→ **TASK OBJECTIVE**: Your task is to copy each line of the records that includes the string "times".

[Start of section]

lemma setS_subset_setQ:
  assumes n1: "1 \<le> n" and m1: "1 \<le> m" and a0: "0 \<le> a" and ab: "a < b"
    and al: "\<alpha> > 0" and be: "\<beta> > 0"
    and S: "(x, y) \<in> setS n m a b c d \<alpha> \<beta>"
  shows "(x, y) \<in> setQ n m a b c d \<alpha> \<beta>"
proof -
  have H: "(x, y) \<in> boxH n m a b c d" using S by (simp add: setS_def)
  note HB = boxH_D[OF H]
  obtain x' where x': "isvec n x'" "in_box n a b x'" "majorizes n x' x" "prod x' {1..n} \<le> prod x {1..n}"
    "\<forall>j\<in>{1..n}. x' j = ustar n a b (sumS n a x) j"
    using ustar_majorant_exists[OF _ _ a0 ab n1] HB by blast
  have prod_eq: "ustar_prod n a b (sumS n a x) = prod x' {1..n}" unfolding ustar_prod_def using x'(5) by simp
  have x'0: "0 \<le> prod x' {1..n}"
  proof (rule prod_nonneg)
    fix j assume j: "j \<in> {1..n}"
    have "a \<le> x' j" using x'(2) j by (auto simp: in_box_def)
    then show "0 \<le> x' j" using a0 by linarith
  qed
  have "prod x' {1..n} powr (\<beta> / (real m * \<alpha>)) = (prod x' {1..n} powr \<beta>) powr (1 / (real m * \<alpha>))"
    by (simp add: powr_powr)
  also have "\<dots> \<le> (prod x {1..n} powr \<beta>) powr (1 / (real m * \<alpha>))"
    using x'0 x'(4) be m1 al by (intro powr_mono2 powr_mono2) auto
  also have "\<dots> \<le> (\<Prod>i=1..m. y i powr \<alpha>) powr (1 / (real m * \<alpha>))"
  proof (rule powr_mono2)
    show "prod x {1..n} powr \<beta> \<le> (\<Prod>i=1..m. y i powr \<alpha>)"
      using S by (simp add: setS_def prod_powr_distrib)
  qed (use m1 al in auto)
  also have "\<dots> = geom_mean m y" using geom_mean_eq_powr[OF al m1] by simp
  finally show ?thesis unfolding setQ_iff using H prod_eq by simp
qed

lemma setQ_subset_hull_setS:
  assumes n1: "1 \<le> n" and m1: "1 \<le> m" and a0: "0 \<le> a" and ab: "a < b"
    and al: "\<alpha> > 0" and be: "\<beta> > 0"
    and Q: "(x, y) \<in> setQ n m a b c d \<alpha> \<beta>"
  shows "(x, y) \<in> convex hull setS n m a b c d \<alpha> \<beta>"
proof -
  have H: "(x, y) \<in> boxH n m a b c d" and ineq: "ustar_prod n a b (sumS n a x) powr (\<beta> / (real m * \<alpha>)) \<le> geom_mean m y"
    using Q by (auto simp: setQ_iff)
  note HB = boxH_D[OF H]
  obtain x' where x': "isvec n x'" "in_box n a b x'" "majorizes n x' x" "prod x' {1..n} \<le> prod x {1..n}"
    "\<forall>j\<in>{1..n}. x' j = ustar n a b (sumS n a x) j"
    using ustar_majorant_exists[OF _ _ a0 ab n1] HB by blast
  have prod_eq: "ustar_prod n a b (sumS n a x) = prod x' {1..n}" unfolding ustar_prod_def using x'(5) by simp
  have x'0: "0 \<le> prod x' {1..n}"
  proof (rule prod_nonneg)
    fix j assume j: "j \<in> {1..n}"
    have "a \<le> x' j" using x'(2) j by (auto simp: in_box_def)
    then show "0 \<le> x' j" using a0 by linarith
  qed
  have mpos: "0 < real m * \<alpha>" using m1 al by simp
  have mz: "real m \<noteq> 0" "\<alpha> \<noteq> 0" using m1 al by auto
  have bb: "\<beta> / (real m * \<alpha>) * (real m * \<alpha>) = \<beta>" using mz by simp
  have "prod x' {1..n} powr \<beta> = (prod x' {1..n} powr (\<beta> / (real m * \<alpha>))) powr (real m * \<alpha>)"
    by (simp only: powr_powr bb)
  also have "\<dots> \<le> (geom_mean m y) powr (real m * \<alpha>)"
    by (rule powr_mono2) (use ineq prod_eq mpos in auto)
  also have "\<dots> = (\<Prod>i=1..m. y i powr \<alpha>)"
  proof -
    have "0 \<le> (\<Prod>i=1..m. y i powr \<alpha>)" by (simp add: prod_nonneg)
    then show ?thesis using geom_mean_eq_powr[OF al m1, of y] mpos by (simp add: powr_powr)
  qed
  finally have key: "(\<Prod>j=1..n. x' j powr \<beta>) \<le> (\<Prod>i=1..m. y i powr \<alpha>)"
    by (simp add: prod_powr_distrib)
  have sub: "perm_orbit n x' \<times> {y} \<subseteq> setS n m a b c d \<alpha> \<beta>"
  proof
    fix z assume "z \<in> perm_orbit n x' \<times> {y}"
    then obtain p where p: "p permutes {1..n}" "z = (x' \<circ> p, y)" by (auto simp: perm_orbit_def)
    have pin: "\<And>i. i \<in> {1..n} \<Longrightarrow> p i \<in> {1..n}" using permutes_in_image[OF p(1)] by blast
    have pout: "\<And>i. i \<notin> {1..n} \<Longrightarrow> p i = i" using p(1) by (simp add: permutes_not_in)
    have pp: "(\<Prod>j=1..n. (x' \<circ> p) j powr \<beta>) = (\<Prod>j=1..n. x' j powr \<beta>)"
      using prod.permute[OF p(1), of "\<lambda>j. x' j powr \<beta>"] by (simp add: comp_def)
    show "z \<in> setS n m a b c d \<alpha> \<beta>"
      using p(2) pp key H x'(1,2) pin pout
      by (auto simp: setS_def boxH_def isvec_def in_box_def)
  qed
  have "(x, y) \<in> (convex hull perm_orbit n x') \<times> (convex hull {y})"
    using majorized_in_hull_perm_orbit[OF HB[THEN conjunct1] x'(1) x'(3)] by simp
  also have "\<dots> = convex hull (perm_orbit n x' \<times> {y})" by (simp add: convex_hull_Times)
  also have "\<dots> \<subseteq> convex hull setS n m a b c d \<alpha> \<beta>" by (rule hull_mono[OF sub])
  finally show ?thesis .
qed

[End of section]

→ **WRITTEN SOLUTION**:
  have sub: "perm_orbit n x' \<times> {y} \<subseteq> setS n m a b c d \<alpha> \<beta>"
    fix z assume "z \<in> perm_orbit n x' \<times> {y}"
  have "(x, y) \<in> (convex hull perm_orbit n x') \<times> (convex hull {y})"
  also have "\<dots> = convex hull (perm_orbit n x' \<times> {y})" by (simp add: convex_hull_Times)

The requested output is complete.